[Start of Attachment]

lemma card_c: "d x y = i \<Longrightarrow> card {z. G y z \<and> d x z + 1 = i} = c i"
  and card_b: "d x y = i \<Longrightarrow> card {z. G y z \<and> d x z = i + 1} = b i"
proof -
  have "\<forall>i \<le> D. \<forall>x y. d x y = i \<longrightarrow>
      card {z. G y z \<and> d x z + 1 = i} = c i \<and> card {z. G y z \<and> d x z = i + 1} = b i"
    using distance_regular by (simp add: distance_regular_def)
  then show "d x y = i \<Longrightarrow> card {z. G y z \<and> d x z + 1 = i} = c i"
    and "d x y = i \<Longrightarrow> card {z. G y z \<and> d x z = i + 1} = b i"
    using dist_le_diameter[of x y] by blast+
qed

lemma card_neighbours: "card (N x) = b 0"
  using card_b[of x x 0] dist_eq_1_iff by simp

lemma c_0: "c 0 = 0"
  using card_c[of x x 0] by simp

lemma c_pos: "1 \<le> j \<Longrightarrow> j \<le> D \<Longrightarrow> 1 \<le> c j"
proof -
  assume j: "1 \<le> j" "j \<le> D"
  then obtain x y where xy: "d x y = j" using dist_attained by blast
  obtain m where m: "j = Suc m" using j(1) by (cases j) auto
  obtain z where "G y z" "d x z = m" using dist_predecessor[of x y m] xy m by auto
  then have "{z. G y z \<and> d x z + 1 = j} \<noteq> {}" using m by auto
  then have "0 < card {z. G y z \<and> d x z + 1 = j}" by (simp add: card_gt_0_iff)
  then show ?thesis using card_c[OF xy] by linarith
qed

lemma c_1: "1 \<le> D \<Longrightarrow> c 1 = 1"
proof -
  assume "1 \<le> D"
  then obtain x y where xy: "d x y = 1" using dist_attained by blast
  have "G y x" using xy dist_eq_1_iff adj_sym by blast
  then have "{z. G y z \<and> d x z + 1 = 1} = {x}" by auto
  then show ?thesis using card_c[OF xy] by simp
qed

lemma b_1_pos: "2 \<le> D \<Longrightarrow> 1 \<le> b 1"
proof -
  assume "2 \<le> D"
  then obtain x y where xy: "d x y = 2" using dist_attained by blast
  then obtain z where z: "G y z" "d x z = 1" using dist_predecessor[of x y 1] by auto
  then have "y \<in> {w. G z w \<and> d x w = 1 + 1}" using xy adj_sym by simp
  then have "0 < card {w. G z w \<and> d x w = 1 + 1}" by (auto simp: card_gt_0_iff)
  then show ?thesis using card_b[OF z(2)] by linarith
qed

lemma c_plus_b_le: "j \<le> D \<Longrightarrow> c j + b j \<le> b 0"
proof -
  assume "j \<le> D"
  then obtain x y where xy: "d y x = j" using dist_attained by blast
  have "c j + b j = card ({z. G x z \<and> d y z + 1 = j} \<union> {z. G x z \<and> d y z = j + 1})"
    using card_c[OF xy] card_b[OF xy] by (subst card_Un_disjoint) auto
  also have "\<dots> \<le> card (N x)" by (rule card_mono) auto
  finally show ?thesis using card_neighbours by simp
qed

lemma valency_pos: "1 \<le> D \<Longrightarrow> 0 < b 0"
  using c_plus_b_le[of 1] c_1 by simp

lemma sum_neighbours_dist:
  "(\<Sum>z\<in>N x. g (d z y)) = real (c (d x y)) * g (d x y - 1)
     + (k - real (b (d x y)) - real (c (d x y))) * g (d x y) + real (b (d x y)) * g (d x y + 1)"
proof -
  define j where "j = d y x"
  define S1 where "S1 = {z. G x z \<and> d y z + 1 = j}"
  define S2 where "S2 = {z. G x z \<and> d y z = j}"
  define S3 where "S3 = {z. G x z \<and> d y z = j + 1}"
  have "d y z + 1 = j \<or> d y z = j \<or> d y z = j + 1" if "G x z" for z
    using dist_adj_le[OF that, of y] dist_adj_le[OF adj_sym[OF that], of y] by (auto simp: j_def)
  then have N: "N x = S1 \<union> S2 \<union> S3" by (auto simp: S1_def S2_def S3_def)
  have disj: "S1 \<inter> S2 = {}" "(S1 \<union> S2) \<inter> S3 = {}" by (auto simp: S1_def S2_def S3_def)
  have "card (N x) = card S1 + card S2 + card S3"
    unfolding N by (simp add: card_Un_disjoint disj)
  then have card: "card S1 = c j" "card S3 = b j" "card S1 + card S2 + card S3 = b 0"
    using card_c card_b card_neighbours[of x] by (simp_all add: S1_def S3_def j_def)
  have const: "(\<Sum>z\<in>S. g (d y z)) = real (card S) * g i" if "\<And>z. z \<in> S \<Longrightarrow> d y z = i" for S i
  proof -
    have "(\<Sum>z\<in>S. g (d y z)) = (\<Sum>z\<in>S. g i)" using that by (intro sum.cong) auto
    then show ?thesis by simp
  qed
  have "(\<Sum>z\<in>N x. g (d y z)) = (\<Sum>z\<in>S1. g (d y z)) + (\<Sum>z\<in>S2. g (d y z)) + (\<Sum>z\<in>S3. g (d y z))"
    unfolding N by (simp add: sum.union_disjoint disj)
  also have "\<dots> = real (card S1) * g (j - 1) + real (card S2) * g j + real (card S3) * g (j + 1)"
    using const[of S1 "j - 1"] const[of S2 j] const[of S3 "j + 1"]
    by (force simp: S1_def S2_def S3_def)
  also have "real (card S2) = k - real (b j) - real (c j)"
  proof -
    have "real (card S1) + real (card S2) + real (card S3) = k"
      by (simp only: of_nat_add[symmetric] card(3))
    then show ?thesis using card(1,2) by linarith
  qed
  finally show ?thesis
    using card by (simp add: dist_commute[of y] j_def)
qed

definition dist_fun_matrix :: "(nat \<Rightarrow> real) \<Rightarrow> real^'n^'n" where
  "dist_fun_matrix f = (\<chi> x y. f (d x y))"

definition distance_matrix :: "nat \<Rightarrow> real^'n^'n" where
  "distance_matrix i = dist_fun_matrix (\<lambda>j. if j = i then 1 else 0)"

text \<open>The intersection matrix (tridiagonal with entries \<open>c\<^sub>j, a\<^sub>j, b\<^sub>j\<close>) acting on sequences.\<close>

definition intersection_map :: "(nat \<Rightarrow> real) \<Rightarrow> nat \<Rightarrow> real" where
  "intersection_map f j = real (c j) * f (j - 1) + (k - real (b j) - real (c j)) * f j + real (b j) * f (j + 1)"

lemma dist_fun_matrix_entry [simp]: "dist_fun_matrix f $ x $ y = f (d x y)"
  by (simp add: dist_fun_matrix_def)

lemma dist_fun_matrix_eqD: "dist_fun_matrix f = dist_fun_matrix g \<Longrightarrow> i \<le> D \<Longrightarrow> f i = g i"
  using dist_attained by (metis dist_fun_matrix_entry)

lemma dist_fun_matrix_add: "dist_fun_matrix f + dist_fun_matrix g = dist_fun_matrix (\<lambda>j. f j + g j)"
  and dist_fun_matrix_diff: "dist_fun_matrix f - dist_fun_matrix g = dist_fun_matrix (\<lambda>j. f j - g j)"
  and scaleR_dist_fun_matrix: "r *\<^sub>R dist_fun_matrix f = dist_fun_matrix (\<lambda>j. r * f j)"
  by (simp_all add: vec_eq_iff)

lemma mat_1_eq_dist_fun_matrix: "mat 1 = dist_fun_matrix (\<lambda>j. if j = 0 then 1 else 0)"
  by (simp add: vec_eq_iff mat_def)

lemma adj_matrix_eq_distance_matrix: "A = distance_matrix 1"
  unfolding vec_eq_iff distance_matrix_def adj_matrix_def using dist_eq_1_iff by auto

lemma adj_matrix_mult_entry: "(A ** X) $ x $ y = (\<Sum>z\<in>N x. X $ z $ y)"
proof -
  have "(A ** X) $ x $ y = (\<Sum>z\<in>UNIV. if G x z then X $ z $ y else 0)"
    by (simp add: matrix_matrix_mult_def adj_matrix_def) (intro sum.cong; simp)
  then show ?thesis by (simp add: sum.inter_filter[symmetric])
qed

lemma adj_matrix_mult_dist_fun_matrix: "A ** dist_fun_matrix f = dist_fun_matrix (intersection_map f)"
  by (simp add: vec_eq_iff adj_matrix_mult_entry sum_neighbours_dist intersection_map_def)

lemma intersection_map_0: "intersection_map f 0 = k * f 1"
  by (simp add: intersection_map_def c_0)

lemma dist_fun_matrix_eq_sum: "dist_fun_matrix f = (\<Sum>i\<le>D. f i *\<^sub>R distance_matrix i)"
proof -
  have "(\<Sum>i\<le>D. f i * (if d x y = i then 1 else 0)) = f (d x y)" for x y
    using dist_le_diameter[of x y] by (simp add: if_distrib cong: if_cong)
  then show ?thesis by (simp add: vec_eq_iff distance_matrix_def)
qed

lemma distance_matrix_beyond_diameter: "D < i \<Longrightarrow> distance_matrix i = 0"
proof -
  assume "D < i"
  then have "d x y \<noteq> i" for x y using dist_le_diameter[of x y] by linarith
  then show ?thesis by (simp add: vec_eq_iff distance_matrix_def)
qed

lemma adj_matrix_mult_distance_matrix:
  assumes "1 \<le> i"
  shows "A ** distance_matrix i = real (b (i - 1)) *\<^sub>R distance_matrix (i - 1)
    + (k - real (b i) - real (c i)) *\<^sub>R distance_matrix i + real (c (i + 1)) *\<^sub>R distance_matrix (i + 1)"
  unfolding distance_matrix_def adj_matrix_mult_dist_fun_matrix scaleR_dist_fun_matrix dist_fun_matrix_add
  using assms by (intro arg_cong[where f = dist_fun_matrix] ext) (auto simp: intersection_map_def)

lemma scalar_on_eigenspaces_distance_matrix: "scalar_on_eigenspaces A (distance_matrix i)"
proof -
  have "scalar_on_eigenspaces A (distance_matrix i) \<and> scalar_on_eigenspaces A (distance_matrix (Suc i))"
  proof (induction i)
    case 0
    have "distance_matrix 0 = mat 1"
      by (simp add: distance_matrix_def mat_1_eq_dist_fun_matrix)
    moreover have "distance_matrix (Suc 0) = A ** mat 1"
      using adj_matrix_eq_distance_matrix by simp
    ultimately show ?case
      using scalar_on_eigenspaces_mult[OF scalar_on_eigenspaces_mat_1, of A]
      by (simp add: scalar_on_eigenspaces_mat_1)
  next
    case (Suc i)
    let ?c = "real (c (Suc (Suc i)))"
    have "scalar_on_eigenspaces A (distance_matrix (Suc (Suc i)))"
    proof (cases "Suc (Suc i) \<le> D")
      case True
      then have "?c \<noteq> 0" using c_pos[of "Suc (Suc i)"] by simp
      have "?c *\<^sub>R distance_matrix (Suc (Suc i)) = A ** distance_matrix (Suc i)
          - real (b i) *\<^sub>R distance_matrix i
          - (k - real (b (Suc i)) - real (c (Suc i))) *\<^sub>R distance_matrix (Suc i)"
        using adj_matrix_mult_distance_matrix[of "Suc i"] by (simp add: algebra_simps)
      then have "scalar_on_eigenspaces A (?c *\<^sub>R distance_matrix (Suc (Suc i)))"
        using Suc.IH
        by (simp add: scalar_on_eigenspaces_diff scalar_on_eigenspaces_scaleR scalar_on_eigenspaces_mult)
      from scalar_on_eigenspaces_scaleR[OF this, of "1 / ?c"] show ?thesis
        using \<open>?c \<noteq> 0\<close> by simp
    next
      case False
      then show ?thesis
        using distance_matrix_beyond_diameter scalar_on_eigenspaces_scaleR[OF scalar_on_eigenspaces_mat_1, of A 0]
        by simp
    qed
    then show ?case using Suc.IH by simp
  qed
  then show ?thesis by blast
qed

[End of Attachment]

Activity: Repeat only the lines above, from the first line of the entries through the line that contains "y. d x y = i \<longrightarrow>", including both ends.

Result below:
lemma card_c: "d x y = i \<Longrightarrow> card {z. G y z \<and> d x z + 1 = i} = c i"
  and card_b: "d x y = i \<Longrightarrow> card {z. G y z \<and> d x z = i + 1} = b i"
proof -
  have "\<forall>i \<le> D. \<forall>x y. d x y = i \<longrightarrow>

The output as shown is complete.